Bauer T W, Moore G W, Hutchins G M
Am J Med. 1980 Dec;69(6):833-7. doi: 10.1016/s0002-9343(80)80008-8.
In clinical studies, frequent hepatic dysfunction associated with crises in sickle cell disease has been noted, but whether irreversible morphologic changes arise from these transient episodes is uncertain. We studied 70 patients with sickle cell disease (57 SS, 12 SC and one S-thalassemia (S-thal) hemoglobin) autopsied at The Johns Hopkins Hospital. They ranged in age from five months to 75 years (average 21 years) and 35 (50 percent) were female, In 64 patients (91 percent), livers were enlarged and had distention of Kupffer cells with phagocytized sickled red cells; this was massive in 10. In 19 patients (27 percent) the sinusoids were markedly distended with sickled red cells and appeared obstructed. Focal parenchymal necroses were present in 24 patients (34 percent) and were explained in 12, eight by cardiac dysfunction and four by sepsis. Reparative changes, portal fibrosis and regenerative nodules were each found in 14 patients (20 percent), only one of whom had a known history of viral hepatitis despite the frequency of transfusions. Cirrhosis of unknown cause was present in seven patients and cardiac cirrhosis in one. Cirrhosis with hemochromatosis was present in three patients and 30 others had parenchymal iron accumulation. Thus, unexplained hepatic necroses, portal fibrosis, regenerative nodules and cirrhosis were frequently encountered in these patients. This spectrum of liver disease appears to be best understood as a consequence of recurrent vascular obstruction, necrosis and repair arising as a component of sickle cell disease.

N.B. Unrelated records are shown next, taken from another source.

definition U :: "real measure \<Rightarrow> 'a measure \<Rightarrow> 'a measure set" where
  "U \<mu> P = {Q. prob_space Q \<and> sets Q = sets P \<and> absolutely_continuous P Q \<and>
      (\<forall>l>0. Lambda_Q Q (\<lambda>x. ln (enn2real (RN_deriv P Q x))) l \<le> Lambda_mu \<mu> l)}"

end

theory Submission
  imports Defs
begin

text \<open>Let \<open>H\<^sub>\<mu>(r) = \<integral>\<^sub>r\<^sup>\<infinity> G\<^sub>\<mu>\<close> (\<open>G_tail\<close> below). Since \<open>\<integral>\<^sub>0\<^sup>\<infinity> G\<^sub>\<mu>\<close> is the mean of \<open>\<mu>\<close>,
  namely \<open>1\<close>, we have \<open>H\<^sub>\<mu>(r) = 1 - \<integral>\<^sub>0\<^sup>r G\<^sub>\<mu>\<close>; and by Fubini
  \<open>\<integral>\<^sub>0\<^sup>\<infinity> G\<^sub>\<mu>(z) z\<^sup>\<lambda> dz = \<integral>\<^sub>0\<^sup>\<infinity> H\<^sub>\<mu>(s\<^sup>1\<^sup>/\<^sup>\<lambda>) ds\<close>. So if \<open>\<integral>\<^sub>0\<^sup>r G\<^sub>\<mu>\<^sub>2 \<le> \<integral>\<^sub>0\<^sup>r G\<^sub>\<mu>\<^sub>1\<close> for all \<open>r\<close>,
  then \<open>H\<^sub>\<mu>\<^sub>1 \<le> H\<^sub>\<mu>\<^sub>2\<close>, hence \<open>\<Lambda>\<^sub>\<mu>\<^sub>1 \<le> \<Lambda>\<^sub>\<mu>\<^sub>2\<close>, and the constraint defining \<open>\<U>\<^sup>\<mu>\<^sup>1(P)\<close> is
  stronger than the one defining \<open>\<U>\<^sup>\<mu>\<^sup>2(P)\<close>. This ordering of the partial integrals is
  the hypothesis of (2); under the single crossing condition of (1) it holds pointwise
  below \<open>r\<^sub>0\<close>, and above \<open>r\<^sub>0\<close> because there the tails \<open>H\<close> are ordered pointwise.\<close>

lemma ereal_ln_mono: "x \<le> y \<Longrightarrow> ereal_ln x \<le> ereal_ln y"
  unfolding ereal_ln_def
  by (auto simp: enn2real_positive_iff top.extremum_unique less_top[symmetric]
      zero_less_iff_neq_zero intro!: ln_mono enn2real_mono dest: order.trans order_antisym)

lemma less_powr_iff_powr_inverse_less:
  fixes s z l :: real
  assumes "0 < l" "0 \<le> s" "0 \<le> z"
  shows "s < z powr l \<longleftrightarrow> s powr (1/l) < z"
proof
  assume "s < z powr l"
  then have "s powr (1/l) < (z powr l) powr (1/l)"
    using assms by (intro powr_less_mono2) auto
  then show "s powr (1/l) < z" using assms by (simp add: powr_powr)
next
  assume "s powr (1/l) < z"
  then have "(s powr (1/l)) powr l < z powr l"
    using assms by (intro powr_less_mono2) auto
  then show "s < z powr l" using assms by (simp add: powr_powr)
qed

lemma nn_integral_powr_as_layers:
  fixes l z :: real
  assumes "0 < l" "0 \<le> z"
  shows "(\<integral>\<^sup>+ s. indicator {0..} s * indicator {s powr (1/l)<..} z \<partial>lborel) = ennreal (z powr l)"
proof -
  have "(\<integral>\<^sup>+ s. indicator {0..} s * indicator {s powr (1/l)<..} z \<partial>lborel)
      = (\<integral>\<^sup>+ s. indicator {0..<z powr l} s \<partial>lborel)"
    using assms
    by (intro nn_integral_cong) (auto simp: indicator_def less_powr_iff_powr_inverse_less)
  then show ?thesis by simp
qed

lemma G_nonneg: "0 \<le> G \<mu> r"
  unfolding G_def by simp

lemma G_le_1:
  assumes "mean_one_prob \<mu>" shows "G \<mu> r \<le> 1"
proof -
  interpret prob_space \<mu> using assms unfolding mean_one_prob_def by auto
  show ?thesis unfolding G_def by simp
qed

lemma set_integral_G_nonneg: "0 \<le> (LINT z:A|M. G \<mu> z)"
  unfolding set_lebesgue_integral_def by (intro Bochner_Integration.integral_nonneg) (simp add: G_nonneg)

lemma borel_measurable_G [measurable]:
  assumes "mean_one_prob \<mu>" shows "G \<mu> \<in> borel_measurable borel"
proof -
  interpret prob_space \<mu> using assms unfolding mean_one_prob_def by auto
  have s: "sets \<mu> = sets borel" using assms unfolding mean_one_prob_def by auto
  have "mono (\<lambda>r. - G \<mu> r)"
    unfolding mono_def G_def by (auto intro!: finite_measure_mono simp: s)
  then have "(\<lambda>r. - (- G \<mu> r)) \<in> borel_measurable borel"
    by (intro borel_measurable_uminus borel_measurable_mono)
  then show ?thesis by simp
qed

lemma set_integrable_G_Icc:
  assumes "mean_one_prob \<mu>" shows "set_integrable lborel {a..b} (G \<mu>)"
proof (rule set_integrable_bound[of _ _ "\<lambda>_. 1 :: real"])
  show "set_integrable lborel {a..b} (\<lambda>_. 1 :: real)"
    by (simp add: set_integrable_def integrable_real_indicator emeasure_lborel_Icc_eq)
  show "set_borel_measurable lborel {a..b} (G \<mu>)"
    using assms unfolding set_borel_measurable_def by measurable
  show "AE x in lborel. x \<in> {a..b} \<longrightarrow> norm (G \<mu> x) \<le> norm (1 :: real)"
    using G_nonneg[of \<mu>] G_le_1[OF assms] by auto
qed

lemma nn_integral_G_eq_nn_integral:
  assumes "prob_space \<mu>" and s: "sets \<mu> = sets borel"
  shows "(\<integral>\<^sup>+ t. ennreal (G \<mu> t) * indicator {0..} t \<partial>lborel) = (\<integral>\<^sup>+ x. ennreal x \<partial>\<mu>)"
proof -
  interpret prob_space \<mu> by fact
  interpret pair_sigma_finite \<mu> lborel
    by (simp add: pair_sigma_finite_def lborel.sigma_finite_measure_axioms sigma_finite_measure_axioms)
  have meas: "(\<lambda>(x, t). indicator {0..x} t :: ennreal) \<in> borel_measurable (\<mu> \<Otimes>\<^sub>M lborel)"
  proof -
    have "(\<lambda>(x::real, t::real). indicator {0..x} t :: ennreal) \<in> borel_measurable (borel \<Otimes>\<^sub>M borel)"
      unfolding indicator_def atLeastAtMost_iff mem_Collect_eq by measurable
    then show ?thesis
      by (subst measurable_cong_sets[OF sets_pair_measure_cong[OF s sets_lborel] refl])
  qed
  have "(\<integral>\<^sup>+ t. ennreal (G \<mu> t) * indicator {0..} t \<partial>lborel)
      = (\<integral>\<^sup>+ t. (\<integral>\<^sup>+ x. indicator {0..x} t \<partial>\<mu>) \<partial>lborel)"
  proof (rule nn_integral_cong)
    fix t :: real
    have "ennreal (G \<mu> t) * indicator {0..} t = (\<integral>\<^sup>+ x. indicator {t..} x \<partial>\<mu>) * indicator {0..} t"
      unfolding G_def by (subst nn_integral_indicator) (auto simp: s emeasure_eq_measure)
    also have "\<dots> = (\<integral>\<^sup>+ x. indicator {0..x} t \<partial>\<mu>)"
      by (subst nn_integral_multc[symmetric])
        (auto simp: s indicator_def intro!: nn_integral_cong borel_measurable_indicator)
    finally show "ennreal (G \<mu> t) * indicator {0..} t = (\<integral>\<^sup>+ x. indicator {0..x} t \<partial>\<mu>)" .
  qed
  also have "\<dots> = (\<integral>\<^sup>+ x. (\<integral>\<^sup>+ t. indicator {0..x} t \<partial>lborel) \<partial>\<mu>)"
    using Fubini'[OF meas] by simp
  also have "\<dots> = (\<integral>\<^sup>+ x. ennreal x \<partial>\<mu>)"
  proof (rule nn_integral_cong)
    show "(\<integral>\<^sup>+ t. indicator {0..x} t \<partial>lborel) = ennreal x" for x :: real
      by (cases "0 \<le> x") (auto simp: ennreal_neg)
  qed
  finally show ?thesis .
qed

lemma nn_integral_G_eq_1:
  assumes m: "mean_one_prob \<mu>"
  shows "(\<integral>\<^sup>+ t. ennreal (G \<mu> t) * indicator {0..} t \<partial>lborel) = 1"
proof -
  have s: "sets \<mu> = sets borel" using m unfolding mean_one_prob_def by auto
  have "AE x in \<mu>. 0 \<le> x"
    using m unfolding mean_one_prob_def by (intro AE_I[of _ _ "{..<0}"]) (auto simp: s)
  then have "(\<integral>\<^sup>+ x. ennreal x \<partial>\<mu>) = ennreal (integral\<^sup>L \<mu> (\<lambda>x. x))"
    using m unfolding mean_one_prob_def by (intro nn_integral_eq_integral) auto
  then show ?thesis
    using m nn_integral_G_eq_nn_integral[OF _ s] unfolding mean_one_prob_def by simp
qed

definition G_tail :: "real measure \<Rightarrow> real \<Rightarrow> ennreal" where
  "G_tail \<mu> r = (\<integral>\<^sup>+ t. ennreal (G \<mu> t) * indicator {r<..} t \<partial>lborel)"

lemma G_tail_mono_G:
  assumes "\<And>t. r < t \<Longrightarrow> G \<mu>1 t \<le> G \<mu>2 t"
  shows "G_tail \<mu>1 r \<le> G_tail \<mu>2 r"
  unfolding G_tail_def
  using assms by (intro nn_integral_mono) (auto simp: indicator_def intro!: ennreal_leI)

lemma partial_integral_G_add_G_tail:
  assumes m: "mean_one_prob \<mu>" and r: "0 \<le> r"
  shows "ennreal (LINT z:{0..r}|lborel. G \<mu> z) + G_tail \<mu> r = 1"
proof -
  have "integrable lborel (\<lambda>t. indicator {0..r} t *\<^sub>R G \<mu> t)"
    using set_integrable_G_Icc[OF m] unfolding set_integrable_def .
  then have head: "(\<integral>\<^sup>+ t. ennreal (G \<mu> t) * indicator {0..r} t \<partial>lborel)
      = ennreal (LINT z:{0..r}|lborel. G \<mu> z)"
    unfolding set_lebesgue_integral_def
    by (subst nn_integral_eq_integral[symmetric])
      (auto simp: G_nonneg indicator_def intro!: nn_integral_cong)
  have "(\<integral>\<^sup>+ t. ennreal (G \<mu> t) * indicator {0..r} t \<partial>lborel) + G_tail \<mu> r
      = (\<integral>\<^sup>+ t. ennreal (G \<mu> t) * indicator {0..r} t + ennreal (G \<mu> t) * indicator {r<..} t \<partial>lborel)"
    unfolding G_tail_def using m by (subst nn_integral_add) auto
  also have "\<dots> = (\<integral>\<^sup>+ t. ennreal (G \<mu> t) * indicator {0..} t \<partial>lborel)"
    using r by (intro nn_integral_cong) (auto simp: indicator_def)
  finally show ?thesis
    unfolding head nn_integral_G_eq_1[OF m] .
qed

lemma G_tail_eq:
  assumes "mean_one_prob \<mu>" and "0 \<le> r"
  shows "G_tail \<mu> r = ennreal (1 - (LINT z:{0..r}|lborel. G \<mu> z))"
    and "(LINT z:{0..r}|lborel. G \<mu> z) \<le> 1"
proof -
  note sum = partial_integral_G_add_G_tail[OF assms]
  then show le: "(LINT z:{0..r}|lborel. G \<mu> z) \<le> 1"
    by (metis ennreal_le_1 le_iff_add)
  from sum have "G_tail \<mu> r = ennreal 1 - ennreal (LINT z:{0..r}|lborel. G \<mu> z)"
    by (metis ennreal_1 ennreal_add_diff_cancel_left ennreal_neq_top)
  then show "G_tail \<mu> r = ennreal (1 - (LINT z:{0..r}|lborel. G \<mu> z))"
    by (metis ennreal_minus set_integral_G_nonneg)
qed

lemma G_tail_le_iff_partial_integral_ge:
  assumes "mean_one_prob \<mu>1" and "mean_one_prob \<mu>2" and "0 \<le> r"
  shows "G_tail \<mu>1 r \<le> G_tail \<mu>2 r
    \<longleftrightarrow> (LINT z:{0..r}|lborel. G \<mu>2 z) \<le> (LINT z:{0..r}|lborel. G \<mu>1 z)"
  using G_tail_eq[OF assms(1,3)] G_tail_eq[OF assms(2,3)] by (simp add: ennreal_le_iff)

lemma moment_G_eq_nn_integral_G_tail:
  assumes m: "mean_one_prob \<mu>" and l: "0 < l"
  shows "(\<integral>\<^sup>+ z \<in> {0..}. ennreal (G \<mu> z * z powr l) \<partial>lborel)
       = (\<integral>\<^sup>+ s. G_tail \<mu> (s powr (1/l)) * indicator {0..} s \<partial>lborel)"
proof -
  define F where "F z s = ennreal (G \<mu> z) * indicator {0..} z
      * (indicator {0..} s * indicator {s powr (1/l)<..} z)" for z s :: real
  have "(\<integral>\<^sup>+ z \<in> {0..}. ennreal (G \<mu> z * z powr l) \<partial>lborel)
      = (\<integral>\<^sup>+ z. (\<integral>\<^sup>+ s. F z s \<partial>lborel) \<partial>lborel)"
  proof (rule nn_integral_cong)
    fix z :: real
    have "(\<lambda>s. indicator {0..} s * indicator {s powr (1 / l)<..} z :: ennreal)
        \<in> borel_measurable borel"
      unfolding indicator_def atLeast_iff greaterThan_iff by measurable
    then show "ennreal (G \<mu> z * z powr l) * indicator {0..} z = (\<integral>\<^sup>+ s. F z s \<partial>lborel)"
      unfolding F_def using nn_integral_powr_as_layers[OF l, of z]
      by (cases "0 \<le> z") (auto simp: nn_integral_cmult ennreal_mult G_nonneg mult_ac)
  qed
  also have "\<dots> = (\<integral>\<^sup>+ s. (\<integral>\<^sup>+ z. F z s \<partial>lborel) \<partial>lborel)"
  proof (rule lborel_pair.Fubini'[symmetric])
    show "case_prod F \<in> borel_measurable (lborel \<Otimes>\<^sub>M lborel)"
      unfolding F_def indicator_def atLeast_iff greaterThan_iff using m by measurable
  qed
  also have "\<dots> = (\<integral>\<^sup>+ s. G_tail \<mu> (s powr (1/l)) * indicator {0..} s \<partial>lborel)"
  proof (rule nn_integral_cong)
    fix s :: real
    have "(\<integral>\<^sup>+ z. F z s \<partial>lborel)
        = (\<integral>\<^sup>+ z. ennreal (G \<mu> z) * indicator {s powr (1/l)<..} z * indicator {0..} s \<partial>lborel)"
      unfolding F_def
      by (intro nn_integral_cong)
        (auto simp: indicator_def dest: order.strict_trans1[OF powr_ge_zero[of s "1/l"]])
    also have "\<dots> = G_tail \<mu> (s powr (1/l)) * indicator {0..} s"
      unfolding G_tail_def using m by (subst nn_integral_multc) auto
    finally show "(\<integral>\<^sup>+ z. F z s \<partial>lborel) = G_tail \<mu> (s powr (1/l)) * indicator {0..} s" .
  qed
  finally show ?thesis .
qed

lemma U_mono:
  assumes "\<And>l. 0 < l \<Longrightarrow> Lambda_mu \<mu>1 l \<le> Lambda_mu \<mu>2 l"
  shows "U \<mu>1 P \<subseteq> U \<mu>2 P"
  unfolding U_def using assms by (auto intro: order.trans)

lemma Lambda_mu_mono_G_tail:
  assumes m1: "mean_one_prob \<mu>1" and m2: "mean_one_prob \<mu>2" and l: "0 < l"
    and tail: "\<And>r. 0 \<le> r \<Longrightarrow> G_tail \<mu>1 r \<le> G_tail \<mu>2 r"
  shows "Lambda_mu \<mu>1 l \<le> Lambda_mu \<mu>2 l"
proof -
  have "(\<integral>\<^sup>+ z \<in> {0..}. ennreal (G \<mu>1 z * z powr l) \<partial>lborel)
      \<le> (\<integral>\<^sup>+ z \<in> {0..}. ennreal (G \<mu>2 z * z powr l) \<partial>lborel)"
    unfolding moment_G_eq_nn_integral_G_tail[OF m1 l] moment_G_eq_nn_integral_G_tail[OF m2 l]
    by (intro nn_integral_mono) (auto simp: indicator_def intro!: tail)
  then show ?thesis
    unfolding Lambda_mu_def by (intro ereal_ln_mono mult_left_mono) auto
qed

lemma U_subset_if_partial_integrals_le:
  assumes m1: "mean_one_prob \<mu>1" and m2: "mean_one_prob \<mu>2"
    and le: "\<And>r. 0 \<le> r \<Longrightarrow> (LINT z:{0..r}|lborel. G \<mu>2 z) \<le> (LINT z:{0..r}|lborel. G \<mu>1 z)"
  shows "U \<mu>1 P \<subseteq> U \<mu>2 P"
proof (intro U_mono Lambda_mu_mono_G_tail[OF m1 m2])
  fix r :: real assume "0 \<le> r"
  then show "G_tail \<mu>1 r \<le> G_tail \<mu>2 r"
    using G_tail_le_iff_partial_integral_ge[OF m1 m2] le by blast
qed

在临床研究中,已注意到镰状细胞病危象常伴有肝功能障碍,但这些短暂发作是否会导致不可逆的形态学改变尚不确定。我们研究了在约翰霍普金斯医院接受尸检的70例镰状细胞病患者(57例SS型、12例SC型和1例S-地中海贫血(S-thal)血红蛋白型)。他们的年龄从5个月至75岁不等(平均21岁),35例(50%)为女性。64例患者(91%)肝脏肿大,库普弗细胞扩张并吞噬镰状红细胞;其中10例情况严重。19例患者(27%)的肝血窦因镰状红细胞而明显扩张,似乎出现了阻塞。24例患者(34%)存在局灶性实质坏死,其中12例得到了解释,8例由心功能不全导致,4例由败血症导致。14例患者(20%)出现了修复性改变、门脉纤维化和再生结节,尽管输血频繁,但只有1例有已知的病毒性肝炎病史。7例患者出现不明原因的肝硬化,1例出现心源性肝硬化。3例患者出现伴有血色素沉着症的肝硬化,另外30例有实质铁沉积。因此,这些患者经常出现无法解释的肝坏死、门脉纤维化、再生结节和肝硬化。这种肝病谱似乎最好被理解为镰状细胞病反复出现血管阻塞、坏死和修复的结果。